Quand Raf Simons dessinait pour Jil Sander
Du color block à la Techno Couture
01 Luglio 2024
À la question « sur quelle marque aimeriez-vous mettre la main », Raf Simons n’a jamais hésité : « Jil Sander ou Helmut Lang ». Du premier, il est devenu directeur créatif en 2005, un an avant que la marque allemande ne soit rachetée par la société de capital-investissement Change Capital Partners, après la parenthèse tumultueuse de Prada commencée en 1999. La nomination de Raf Simons est arrivée à un moment crucial pour la marque, fondée en 1968 : Jil Sander était déjà sortie de la société et n'avait plus aucun rôle dans la direction créative, la scission avec le groupe Prada était définitive.
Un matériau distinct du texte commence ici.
lemma invsqrt:
  assumes "st y = y" "norm y \<le> 1/2"
  obtains r where "st r = r" "r * (1 - y) * r = 1" "norm r \<le> 2"
    "\<And>p. p * y = y * p \<Longrightarrow> p * r = r * p"
proof -
  define r where "r = (\<Sum>n. invsqrt_coeff n *\<^sub>R y ^ n)"
  note R = invsqrt_series[OF assms(2), folded r_def]
  have "st r = (\<Sum>n. st (invsqrt_coeff n *\<^sub>R y ^ n))"
    unfolding r_def by (rule bounded_linear.suminf[OF bounded_linear_st R(1)])
  also have "\<dots> = r" unfolding r_def by (simp only: st_scaleR st_power assms(1))
  finally have "st r = r" .
  moreover have "r * (1 - y) * r = 1"
  proof -
    have "y * r = r * y" using R(4)[of y] by simp
    then have "r * (1 - y) * r = r * r * (1 - y)" by (simp add: algebra_simps)
    then show ?thesis using R(2) by simp
  qed
  ultimately show ?thesis using that R(3,4) by blast
qed

text \<open>Proper infiniteness of the corner \<open>pAp\<close> cut down by a central projection p: two
  isometries of the corner (\<open>b\<^sup>* b = p\<close>, range under p) with orthogonal ranges.\<close>

definition central_projection :: "'a \<Rightarrow> bool"
  where "central_projection p \<longleftrightarrow> st p = p \<and> p * p = p \<and> (\<forall>a. p * a = a * p)"

definition corner_isometry :: "'a \<Rightarrow> 'a \<Rightarrow> bool"
  where "corner_isometry p b \<longleftrightarrow> p * b = b \<and> st b * b = p"
(* Let $k\in l_2(X)$ with $\check k\in L^\infty(G)$, $|\check k|=1$ a.e. on $G$, and suppose $W_k$ is invertible on $l_2(X_+)$. If $\psi\in H^\infty(G)$ satisfies $\|\check k-\overline\psi\|_{L^\infty(G)}<1$, then $\psi$ is invertible in $H^\infty(G)$.
   Context: $X$ is a discrete linearly ordered abelian group with positive cone $X_+$; $G$ is its compact dual group with normalized Haar measure. $\check k(x)=\sum_{\xi\in X}k(\xi)\xi(x)$; $W_kg=1_{X_+}(k\ast g)$ on $l_2(X_+)$. $H^\infty(G)=\{f\in L^\infty(G):\widehat f(\chi)=0\ \forall\chi\notin X_+\}$, where $\widehat f(\xi)=\int_Gf(x)\overline{\xi(x)}dx$. *)

theory Defs
  imports "HOL-Probability.Probability"
begin

text \<open>X is modelled by a type 'x of class linordered_ab_group_add (discrete topology
is implicit).  The positive cone is X_+ = {xi. 0 <= xi}.\<close>

definition pos_cone :: "'x::linordered_ab_group_add set" where
  "pos_cone = {\<xi>. 0 \<le> \<xi>}"

text \<open>The dual group G: all characters of the discrete group X.  An element x of G is
a character, and the pairing is xi(x) = x xi.\<close>

definition dual_group :: "('x::linordered_ab_group_add \<Rightarrow> complex) set" where
  "dual_group = {\<gamma>. (\<forall>\<xi>. cmod (\<gamma> \<xi>) = 1) \<and> (\<forall>a b. \<gamma> (a + b) = \<gamma> a * \<gamma> b)}"
lemma qprod2_unit_right_eq:
  fixes u t :: "nat \<Rightarrow> 'k::field"
  assumes qinv: "\<forall>i<n. \<forall>j<n. q $$ (i, j) * q $$ (j, i) = 1"
    and qdiag: "\<forall>i<n. q $$ (i, i) = 1"
    and k: "k < n" and c0: "c0 < n" and u_c0: "u c0 \<noteq> 0"
    and eq: "\<forall>c<n. \<forall>d<n. qprod2 q u (\<lambda>c. if c = k then 1 else 0) c d = qprod2 q t u c d"
    and l: "l < n"
  shows "t l = (if l = k then q $$ (k, c0) else 0)"
proof -
  have t_vanish: "t j = 0" if "j < n" "j \<noteq> k" for j
  proof (cases "u j = 0")
    case False
    then show ?thesis using eq[rule_format, of j j] that by (simp add: qprod2_def)
  next
    case True
    then have "c0 \<noteq> j" using u_c0 by auto
    then show ?thesis using eq[rule_format, of j c0] that c0 True u_c0 by (simp add: qprod2_def)
  qed
  have "t k = q $$ (k, c0)"
  proof (cases "c0 = k")
    case True
    then have "u k = t k * u k" using eq[rule_format, of k k] k by (simp add: qprod2_def)
    then show ?thesis using True u_c0 qdiag k by simp
  next
    case False
    then have "u c0 = q $$ (c0, k) * t k * u c0"
      using eq[rule_format, of c0 k] k c0 t_vanish[OF c0] by (simp add: qprod2_def)
    then have "q $$ (c0, k) * t k = 1" using u_c0 by (metis mult_cancel_right2)
    then show ?thesis using qinv k c0 by (metis mult.assoc mult.commute mult_1_right)
  qed
  then show ?thesis using t_vanish l by simp
qed

lemma Mq_conjugate_diag:
  fixes q m B :: "'k::field mat"
  assumes qinv: "\<forall>i<n. \<forall>j<n. q $$ (i, j) * q $$ (j, i) = 1"
    and qdiag: "\<forall>i<n. q $$ (i, i) = 1" and m: "m \<in> Mq q n"
    and B: "B \<in> carrier_mat n n" and mB: "m * B = 1\<^sub>m n"
    and i: "i < n" and c0: "c0 < n" and m_c0: "m $$ (c0, i) \<noteq> 0"
    and k: "k < n" and c: "c < n"
  shows "(\<Sum>l\<in>{0..<n}. B $$ (l, k) * q $$ (l, i) * m $$ (c, l)) =
    (if c = k then q $$ (k, c0) else 0)"
proof -
  have m_carrier: "m \<in> carrier_mat n n" using m by (simp add: Mq_def)
  define y where "y l = (\<lambda>c. m $$ (c, l))" for l
  define t where "t = (\<lambda>c. \<Sum>l\<in>{0..<n}. (B $$ (l, k) * q $$ (l, i)) * y l c)"
  have unit: "(if c = k then 1 else 0) = (\<Sum>l\<in>{0..<n}. B $$ (l, k) * y l c)" if "c < n" for c
  proof -
    have "(if c = k then 1 else 0) = (m * B) $$ (c, k)" using mB that k by simp
    also have "\<dots> = (\<Sum>l\<in>{0..<n}. B $$ (l, k) * y l c)"
      using m_carrier B that k by (simp add: scalar_prod_def y_def mult.commute)
    finally show ?thesis .
  qed
  have "qprod2 q (y i) (\<lambda>c. if c = k then 1 else 0) c d = qprod2 q t (y i) c d"
    if "c < n" "d < n" for c d
  proof -
    have "qprod2 q (y i) (\<lambda>c. if c = k then 1 else 0) c d =
        qprod2 q (y i) (\<lambda>c. \<Sum>l\<in>{0..<n}. B $$ (l, k) * y l c) c d"
      by (rule qprod2_cong) (simp_all add: unit that)
    also have "\<dots> = (\<Sum>l\<in>{0..<n}. B $$ (l, k) * qprod2 q (y i) (y l) c d)"
      by (rule qprod2_sum_right)
    also have "\<dots> = (\<Sum>l\<in>{0..<n}. (B $$ (l, k) * q $$ (l, i)) * qprod2 q (y l) (y i) c d)"
      using Mq_columns_q_commute[OF qinv qdiag m _ i that] by (intro sum.cong) (simp_all add: y_def)
    also have "\<dots> = qprod2 q t (y i) c d"
      unfolding t_def by (rule qprod2_sum_left[symmetric])
    finally show ?thesis .
  qed
  then have "t c = (if c = k then q $$ (k, c0) else 0)"
    using qprod2_unit_right_eq[OF qinv qdiag k c0, of "y i" t c] m_c0 c by (simp add: y_def)
  then show ?thesis by (simp add: t_def y_def)
qed

lemma Mq_support_q_compatible:
  fixes q m :: "'k::field mat"
  assumes qinv: "\<forall>i<n. \<forall>j<n. q $$ (i, j) * q $$ (j, i) = 1"
    and qdiag: "\<forall>i<n. q $$ (i, i) = 1" and m: "m \<in> Mq q n"
    and i: "i < n" and c0: "c0 < n" and m_c0: "m $$ (c0, i) \<noteq> 0"
    and k: "k < n" and d: "d < n" and m_dk: "m $$ (d, k) \<noteq> 0"
  shows "q $$ (d, c0) = q $$ (k, i)"
proof -
  have m_carrier: "m \<in> carrier_mat n n" and "det m \<noteq> 0" using m by (auto simp: Mq_def)
  from det_non_zero_imp_unit[OF this, unfolded Units_def, of "()"]
  obtain B where B: "B \<in> carrier_mat n n" and Bm: "B * m = 1\<^sub>m n" and mB: "m * B = 1\<^sub>m n"
    by (auto simp: ring_mat_def)
  have "q $$ (d, c0) * m $$ (d, k) =
      (\<Sum>j\<in>{0..<n}. (if d = j then q $$ (j, c0) else 0) * m $$ (j, k))"
    using d by (simp add: if_distrib[of "\<lambda>x. x * _"] cong: if_cong)
  also have "\<dots> = (\<Sum>j\<in>{0..<n}. (\<Sum>l\<in>{0..<n}. B $$ (l, j) * q $$ (l, i) * m $$ (d, l)) * m $$ (j, k))"
    using Mq_conjugate_diag[OF qinv qdiag m B mB i c0 m_c0 _ d] by simp
  also have "\<dots> = (\<Sum>j\<in>{0..<n}. \<Sum>l\<in>{0..<n}. q $$ (l, i) * m $$ (d, l) * (B $$ (l, j) * m $$ (j, k)))"
    unfolding sum_distrib_right by (intro sum.cong refl) (simp add: algebra_simps)
  also have "\<dots> = (\<Sum>l\<in>{0..<n}. q $$ (l, i) * m $$ (d, l) * (\<Sum>j\<in>{0..<n}. B $$ (l, j) * m $$ (j, k)))"
    by (subst sum.swap) (simp add: sum_distrib_left)
  also have "\<dots> = (\<Sum>l\<in>{0..<n}. q $$ (l, i) * m $$ (d, l) * (B * m) $$ (l, k))"
    using B m_carrier k by (intro sum.cong) (simp_all add: scalar_prod_def)
  also have "\<dots> = q $$ (k, i) * m $$ (d, k)"
    using Bm k by (simp add: if_distrib[of "\<lambda>x. _ * x"] cong: if_cong)
  finally show ?thesis using m_dk by simp
qed

lemma Skel_subset_Pq:
  fixes q m :: "'k::field mat"
  assumes qinv: "\<forall>i<n. \<forall>j<n. q $$ (i, j) * q $$ (j, i) = 1"
    and qdiag: "\<forall>i<n. q $$ (i, i) = 1" and m: "m \<in> Mq q n"
  shows "Skel n m \<subseteq> Pq q n"
proof
  fix p assume "p \<in> Skel n m"
  then have p: "p permutes {..<n}" and skel: "\<forall>i<n. m $$ (p i, i) \<noteq> 0"
    by (auto simp: Skel_def)
  have "q $$ (p i, p j) = q $$ (i, j)" if "i < n" "j < n" for i j
    using Mq_support_q_compatible[OF qinv qdiag m, of j "p j" i "p i"] skel that
      permutes_in_image[OF p] by simp
  then show "p \<in> Pq q n" using p by (simp add: Pq_def)
qed

theorem lemma3p4:
  fixes q m :: "'k::field mat" and n :: nat and \<pi> :: "nat \<Rightarrow> nat"
  assumes "n \<ge> 1"
    and "q \<in> carrier_mat n n"
    and "\<forall>i<n. \<forall>j<n. q $$ (i, j) * q $$ (j, i) = 1"
    and "\<forall>i<n. q $$ (i, i) = 1"
    and "\<pi> permutes {..<n}"
    and "m \<in> carrier_mat n n" and "det m \<noteq> 0"
  shows "(\<pi> \<in> Pq q n \<longrightarrow> perm_matrix n \<pi> \<in> Mq q n) \<and>
         (m \<in> Mq q n \<longrightarrow> Skel n m \<subseteq> Pq q n)"
  using perm_matrix_in_Mq Skel_subset_Pq[OF assms(3,4)] by blast

end
(* Let $\mathcal{S}=\{(x_i,y_i)\}_{i=1}^N$ be a training set, $K$ a continuous, real-valued, symmetric, shift-invariant positive definite kernel on $\mathbb{R}^d$ with RKHS $\mathcal{H}$ and spectral probability measure $\mathbb{P}(\omega)$, $\lambda>0$, $L(u,y)$ a loss convex in $u$. Assume an optimal solution $f_*$ of $\min_{f\in\mathcal{H}}\mathbb{E}_{(x,y)\in\mathcal{S}}L(f(x),y)+\frac{\lambda}{2}\|f\|_{\mathcal{H}}^2$ exists, $|L'(u,y)|<M$ (derivative in the first argument), $L$ and $L'$ are $\mathcal{L}$-Lipschitz in the first argument, $K(x,x')\le\kappa$ for all $x,x'$, and $|\phi_\omega(x)\phi_\omega(x')|\le\phi$ for all $\omega,b,x,x'$. Let the step size satisfy $\frac{1}{\lambda}>\gamma>0$ and $C^2:=M^2(\sqrt{\kappa}+\sqrt{\phi})^2\gamma/\lambda$. With the quantities $g_t,\hat g_t,\bar g_t$, $\mathcal{M}_t,\mathcal{N}_t,\mathcal{R}_t$, $A_t$ defined in the context, $$\mathcal{M}_t\le 4\kappa M^2,\qquad \mathbb{E}_{\mathcal{D}_t,\omega_t}[\mathcal{N}_t]=0,\qquad \mathbb{E}_{\mathcal{D}_t,\omega_t}[\mathcal{R}_t]\le\kappa^{1/2}\mathcal{L}C\sqrt{\mathbb{E}_{\mathcal{D}_{t-1},\omega_{t-1}}[A_t]}.$$
   Context: Random feature map: $\phi_\omega(x)=\sqrt{2}\cos(\omega^Tx+b)$ with $\omega\sim\mathbb{P}(\omega)$, $b\sim U[0,2\pi]$. Iterations with constant step size $\gamma$: $f_1=h_1=0$; at iteration $t$ draw $(x_t,y_t)$ uniformly from $\mathcal{S}$ and $(\omega_t,b_t)$ independently, and set $f_{t+1}=f_t-\gamma\big(L'(f_t(x_t),y_t)\phi_{\omega_t}(x_t)\phi_{\omega_t}(\cdot)+\lambda f_t\big)$, $h_{t+1}=h_t-\gamma g_t$ where $g_t=L'(f_t(x_t),y_t)K(x_t,\cdot)+\lambda h_t$. Further $\hat g_t=L'(h_t(x_t),y_t)K(x_t,\cdot)+\lambda h_t$ and $\bar g_t=\mathbb{E}_{(x_t,y_t)}[L'(h_t(x_t),y_t)K(x_t,\cdot)]+\lambda h_t$ (expectation over the data sample at iteration $t$ given the past). Define $\mathcal{M}_t=\|g_t\|_{\mathcal{H}}^2$, $\mathcal{N}_t=\langle h_t-f_*,\bar g_t-\hat g_t\rangle_{\mathcal{H}}$, $\mathcal{R}_t=\langle h_t-f_*,\hat g_t-g_t\rangle_{\mathcal{H}}$, $A_t=\|h_t-f_*\|_{\mathcal{H}}^2$. $\mathcal{D}_t$ denotes the data points sampled up to iteration $t$, and $\mathbb{E}_{\mathcal{D}_t,\omega_t}$ the expectation over data points and random features sampled up to iteration $t$. *)

theory Defs
  imports "HOL-Probability.Probability"
begin

definition rf_feat :: "'a::euclidean_space \<Rightarrow> real \<Rightarrow> 'a \<Rightarrow> real" where
  "rf_feat \<omega> b x = sqrt 2 * cos (inner \<omega> x + b)"

definition pos_def_kernel :: "('a \<Rightarrow> 'a \<Rightarrow> real) \<Rightarrow> bool" where
  "pos_def_kernel K \<longleftrightarrow> (\<forall>(n::nat) (c::nat \<Rightarrow> real) (z::nat \<Rightarrow> 'a).
      (\<Sum>i<n. \<Sum>j<n. c i * c j * K (z i) (z j)) \<ge> 0)"

definition shift_invariant_kernel :: "('a::ab_group_add \<Rightarrow> 'a \<Rightarrow> real) \<Rightarrow> bool" where
  "shift_invariant_kernel K \<longleftrightarrow> (\<exists>k. \<forall>x x'. K x x' = k (x - x'))"

text \<open>P is the spectral probability measure of the (real, symmetric, shift-invariant) kernel K
  (Bochner): K(x,x') = integral of exp(i omega^T(x-x')) dP = integral of cos(omega^T(x-x')) dP.\<close>
definition spectral_measure :: "'a::euclidean_space measure \<Rightarrow> ('a \<Rightarrow> 'a \<Rightarrow> real) \<Rightarrow> bool" where
  "spectral_measure P K \<longleftrightarrow> prob_space P \<and> sets P = sets borel \<and>
     (\<forall>x x'. K x x' = (\<integral>\<omega>. cos (inner \<omega> (x - x')) \<partial>P))"

text \<open>The RKHS of K, abstractly: a real Hilbert space H with the canonical feature map
  kf x = K(x,.) such that <K(x,.),K(x',.)> = K(x,x') and the span of the K(x,.) is dense.
  An element f of H is identified with the function x \<mapsto> <f, K(x,.)> (reproducing property).\<close>
definition is_RKHS_feature :: "('a \<Rightarrow> 'a \<Rightarrow> real) \<Rightarrow> ('a \<Rightarrow> 'h::real_inner) \<Rightarrow> bool" where
  "is_RKHS_feature K kf \<longleftrightarrow> (\<forall>x x'. inner (kf x) (kf x') = K x x') \<and>
     closure (span (range kf)) = UNIV"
Simons, qui à l’époque avait un diplôme en design industriel, de l'expérience en tant que directeur du département Mode de l’Université des Arts Appliqués de Vienne et en tant que directeur créatif d'une marque culte portant son propre nom, infatigable explorateur du menswear, il s'est soudain retrouvé catapulté parmi les patrons féminins de Jil Sander. « Je ne me rapportais qu'à Walter Van Beirendonck, Ann Demeulemeester, Dirk Van Saene, Dries Van Noten et Martin Margiela, qui faisaient leur travail de manière indépendante » racontait-il il y a quelques années dans une interview accordée à Vogue. « Maintenant, je dois faire face à deux marques, la mienne qui est très petite et Jil, qui est une grande entreprise. Je comprends les différences et chaque jour je me demande laquelle des deux est la plus en phase avec moi. Aussi parce que j'aime beaucoup les deux ».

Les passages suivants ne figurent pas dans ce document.